Cinq ans après "Un Conte de Noël", Arnaud Desplechin fait son grand retour avec un film étonnant, en rupture avec son cinéma habituel. Rupture parce qu’il l’a tourné aux Etats-Unis, ce qui ne coule pas de source quand on connaît la filmo du cinéaste et la french touch qu’elle véhicule à plein nez. Rupture, également, parce qu’il s’est offert les services de la star Benicio del Toro et du compositeur Howard Shore, généralement crédité aux films de Martin Scorcese et David Cronenberg. Rupture, surtout, parce que Desplechin semble tourner la page des thèmes qui lui sont chers et qu’il distille depuis près de 20 ans, à savoir la complexité des sentiments au sein du couple et de la famille ("Comment je me suis disputé", "Rois et reine"). Sur le papier se dessine donc la promesse d’un renouvellement ambitieux. On s’étonne même presque de voir débouler au bout de vingt minutes son acteur fétiche, Mathieu Amalric, sous les traits d’un anthropologue un tantinet guignolesque.

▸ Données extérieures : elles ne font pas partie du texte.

lemma pair_weight_sqrt3_eq_0:
  fixes N :: "nat \<Rightarrow> nat \<Rightarrow> nat" and c :: real
  assumes c: "4 * c^2 = 3" and re: "(\<Sum>x<3. \<Sum>y<3. real (N x y) * re_weight c x y) = 0"
  shows "(\<Sum>x<3. \<Sum>y<3. real (N x y) * weight_sqrt3 x y) = 0"
proof -
  define D U S :: int where "D = N 0 0 + N 1 1 + N 2 2" and "U = N 1 2 + N 2 1"
    and "S = int (N 0 1) + N 1 0 - N 0 2 - N 2 0"
  have c2: "c^2 = 3/4" using c by simp
  have R: "of_int D + c * of_int S - of_int U / 2 = 0"
    using re by (simp add: sum_lessThan_3 re_weight_def D_def U_def S_def c2 algebra_simps)
  then have "of_int (U - 2 * D) = 2 * c * of_int S"
    by (simp add: algebra_simps)
  then have "(of_int (U - 2 * D))^2 = 4 * c^2 * (of_int S)^2"
    by (simp add: power_mult_distrib)
  then have "real_of_int ((U - 2 * D)^2) = real_of_int (3 * S^2)"
    using c by simp
  then have "(U - 2 * D)^2 = 3 * S^2"
    by (simp only: of_int_eq_iff)
  then have "S = 0"
    using square_eq_prime_times_square[of 3 "U - 2 * D" S] by simp
  then have "U = 2 * D"
    using R by simp
  then show ?thesis
    by (simp add: sum_lessThan_3 weight_sqrt3_def D_def U_def)
qed

lemma pair_weight_sqrt17_eq_0:
  fixes N :: "nat \<Rightarrow> nat \<Rightarrow> nat" and c :: real
  assumes c: "2 * c^2 + c = 2" and re: "(\<Sum>x<3. \<Sum>y<3. real (N x y) * re_weight c x y) = 0"
  shows "(\<Sum>x<3. \<Sum>y<3. real (N x y) * weight_sqrt17 x y) = 0"
proof -
  define D U S :: int where "D = N 0 0 + N 1 1 + N 2 2" and "U = N 1 2 + N 2 1"
    and "S = int (N 0 1) + N 1 0 - N 0 2 - N 2 0"
  have c2: "c^2 = 1 - c/2" using c by simp
  have R: "of_int (U - D) = c * of_int (S + U)"
    using re by (simp add: sum_lessThan_3 re_weight_def D_def U_def S_def c2 algebra_simps)
  then have "of_int (4 * (U - D) + (S + U)) = (4 * c + 1) * of_int (S + U)"
    by (simp add: algebra_simps)
  then have "(of_int (4 * (U - D) + (S + U)))^2 = (4 * c + 1)^2 * (of_int (S + U))^2"
    by (simp only: power_mult_distrib)
  also have "(4 * c + 1)^2 = 8 * (2 * c^2 + c) + 1"
    by (simp add: power2_eq_square algebra_simps)
  finally have "real_of_int ((4 * (U - D) + (S + U))^2) = real_of_int (17 * (S + U)^2)"
    using c by simp
  then have "(4 * (U - D) + (S + U))^2 = 17 * (S + U)^2"
    by (simp only: of_int_eq_iff)
  then have "S + U = 0"
    using square_eq_prime_times_square[of 17 "4 * (U - D) + (S + U)" "S + U"] by simp
  moreover from this have "U = D"
    using R by simp
  ultimately show ?thesis
    by (simp add: sum_lessThan_3 weight_sqrt17_def D_def U_def S_def algebra_simps)
qed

Mais allons à l’essentiel : non seulement la promesse est tenue, mais le film ne ressemble en rien à celui d’un réalisateur français cherchant à faire du cinéma américain. Fort heureusement ! Lenteur du rythme, décorticage de la psyché des personnages, refus de la spectacularisation pour mieux nous plonger dans un état de fascination… Desplechin prend le contre-pied de cette histoire de découverte scientifique (le livre dont le film s’inspire est un cas d’étude du vrai George Devereux) pour en faire un récit avant tout humaniste, axé sur la rencontre et l’apprivoisement mutuel de deux personnages hors normes. Leur lourd héritage est d’ailleurs l’un des aspects les plus intéressants du film : l’un est issu d’une tribue indienne en partie décimée, tandis que l’autre est un apprenti psychanalyste déconsidéré par ses pairs, juif de surcroît. Remarquable conteur, Desplechin trouve en outre le moyen de doubler cette fable universelle d’une lecture politique assez subtile de l’Histoire de l’Amérique, nous rappelant que les Indiens, longtemps traités comme des parias, furent envoyés au front sans vergogne lors des grands conflits du 20e siècle. Une finesse narrative qui confère au film une aura toute particulière.

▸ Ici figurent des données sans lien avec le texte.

lemma torus_eq_one_mat:
  assumes "t \<in> torus n" "\<And>c. c < n \<Longrightarrow> t $$ (c, c) = (1 :: 'k::field)"
  shows "t = 1\<^sub>m n"
  using assms by (auto simp: torus_def GLn_def diagonal_mat_def intro!: eq_matI)

definition last_unit_row :: "nat \<Rightarrow> 'a::zero_neq_one mat" where
  "last_unit_row n = mat 1 n (\<lambda>(_, c). if c = n - 1 then 1 else 0)"

lemma last_unit_row_carrier [simp]: "last_unit_row n \<in> carrier_mat 1 n"
  by (simp add: last_unit_row_def)

lemma index_last_unit_row_mult:
  fixes A :: "'a::semiring_1 mat"
  assumes "A \<in> carrier_mat n m" "c < m" "0 < n"
  shows "(last_unit_row n * A) $$ (0, c) = A $$ (n - 1, c)"
proof -
  have "(last_unit_row n * A) $$ (0, c) = (\<Sum>k<n. last_unit_row n $$ (0, k) * A $$ (k, c))"
    by (rule index_mult_mat_sum[OF last_unit_row_carrier]) (use assms in auto)
  also have "\<dots> = A $$ (n - 1, c)"
    using assms by (subst sum_eq_single[where a = "n - 1"]) (auto simp: last_unit_row_def)
  finally show ?thesis .
qed

lemma mirabolic_iff:
  "q \<in> mirabolic n \<longleftrightarrow> q \<in> GLn n \<and> last_unit_row n * q = (last_unit_row n :: 'k::field mat)"
proof -
  have "last_unit_row n * q = last_unit_row n \<longleftrightarrow>
      (\<forall>c<n. q $$ (n - 1, c) = (if c = n - 1 then 1 else 0))" if "q \<in> carrier_mat n n"
  proof
    assume q: "last_unit_row n * q = last_unit_row n"
    show "\<forall>c<n. q $$ (n - 1, c) = (if c = n - 1 then 1 else 0)"
    proof (intro allI impI)
      fix c assume "c < n"
      then have "q $$ (n - 1, c) = (last_unit_row n * q) $$ (0, c)"
        using that by (simp add: index_last_unit_row_mult)
      also have "\<dots> = last_unit_row n $$ (0, c)" by (simp only: q)
      finally show "q $$ (n - 1, c) = (if c = n - 1 then 1 else 0)"
        using \<open>c < n\<close> by (simp add: last_unit_row_def)
    qed
  next
    assume last_row: "\<forall>c<n. q $$ (n - 1, c) = (if c = n - 1 then 1 else 0)"
    show "last_unit_row n * q = last_unit_row n"
    proof (rule eq_matI)
      fix i j assume "i < dim_row (last_unit_row n :: 'k mat)" "j < dim_col (last_unit_row n :: 'k mat)"
      then have "i = 0" "j < n" by (simp_all add: last_unit_row_def)
      then show "(last_unit_row n * q) $$ (i, j) = last_unit_row n $$ (i, j)"
        using that last_row
        by (simp only: \<open>i = 0\<close>, subst index_last_unit_row_mult) (auto simp: last_unit_row_def)
    qed (use that in \<open>auto simp: last_unit_row_def\<close>)
  qed
  then show ?thesis by (auto simp: mirabolic_def GLn_def)
qed

lemma lcoset_eq_last_row:
  fixes g \<rho> :: "'k::field mat"
  assumes g: "g \<in> GLn n" and \<rho>: "\<rho> \<in> carrier_mat 1 n" "\<rho> * g = last_unit_row n"
  shows "lcoset n g = {y \<in> GLn n. \<rho> * y = last_unit_row n}"
proof (intro equalityI subsetI)
  fix y assume "y \<in> lcoset n g"
  then obtain q where q: "q \<in> GLn n" "last_unit_row n * q = last_unit_row n" and y: "y = g * q"
    by (auto simp: lcoset_def mirabolic_iff)
  have "\<rho> * y = \<rho> * g * q"
    using assoc_mult_mat[OF \<rho>(1) GLn_carrier[OF g] GLn_carrier[OF q(1)]] y by simp
  then show "y \<in> {y \<in> GLn n. \<rho> * y = last_unit_row n}"
    using q \<rho>(2) y GLn_mult[OF g q(1)] by simp
next
  fix y assume "y \<in> {y \<in> GLn n. \<rho> * y = last_unit_row n}"
  then have y: "y \<in> GLn n" "\<rho> * y = last_unit_row n" by auto
  obtain gi where gi: "gi \<in> GLn n" "g * gi = 1\<^sub>m n" using GLn_inverse[OF g] by metis
  have carriers: "g \<in> carrier_mat n n" "gi \<in> carrier_mat n n" "y \<in> carrier_mat n n"
    using g gi y by (simp_all add: GLn_carrier)
  have "last_unit_row n * (gi * y) = \<rho> * g * (gi * y)" by (simp add: \<rho>(2))
  also have "\<dots> = \<rho> * (g * gi) * y"
    using \<rho>(1) carriers by (simp add: assoc_mult_mat[of _ 1 n _ n _ n] assoc_mult_mat[of _ n n _ n _ n])
  also have "\<dots> = last_unit_row n" using gi(2) \<rho>(1) y(2) by simp
  finally have "gi * y \<in> mirabolic n" using GLn_mult[OF gi(1) y(1)] by (simp add: mirabolic_iff)
  moreover have "y = g * (gi * y)"
    using carriers gi(2) by (simp add: assoc_mult_mat[symmetric, of _ n n _ n _ n])
  ultimately show "y \<in> lcoset n g" by (auto simp: lcoset_def)
qed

Le revers de la médaille du parti-pris de Desplechin en matière de mise en scène est son absence de surprise : à aucun moment on ne sent poindre l’éventualité d’un rebondissement ou d’une révélation, tant le chemin vers la guérison s’annonce tout tracé, au rythme des séances de discussion, des révélations nocturnes ou de quelques moments d’égarement de Jimmy Picard. Cela dit, il ne faut pas voir dans la linéarité du film une marque d’autosatisfaction ou, pire, de paresse, mais bien la volonté d’exprimer un cheminement, un apprentissage. Et si certains déploreront quelques longueurs, d’autres se délecteront de cette propension au sous-régime, qui se manifeste jusque dans l’interprétation toute en retenue de l’imposant Benicio del Toro, et contribue à rendre le film agréablement étrange.

Un mot, enfin, sur Mathieu Amalric, dont on connaît depuis quelques années le penchant pour les rôles dégénérés, et qui brille ici par sa composition. Injustement ignoré par le jury au palmarès du festival de Cannes 2013, alors qu’il venait de livrer coup sur coup deux prestations de haute volée (guettez bien la sortie du prochain Polanski, où il est époustouflant), il prouve avec ce film non seulement qu’il est un grand acteur, mais aussi qu’il se bonifie avec le temps.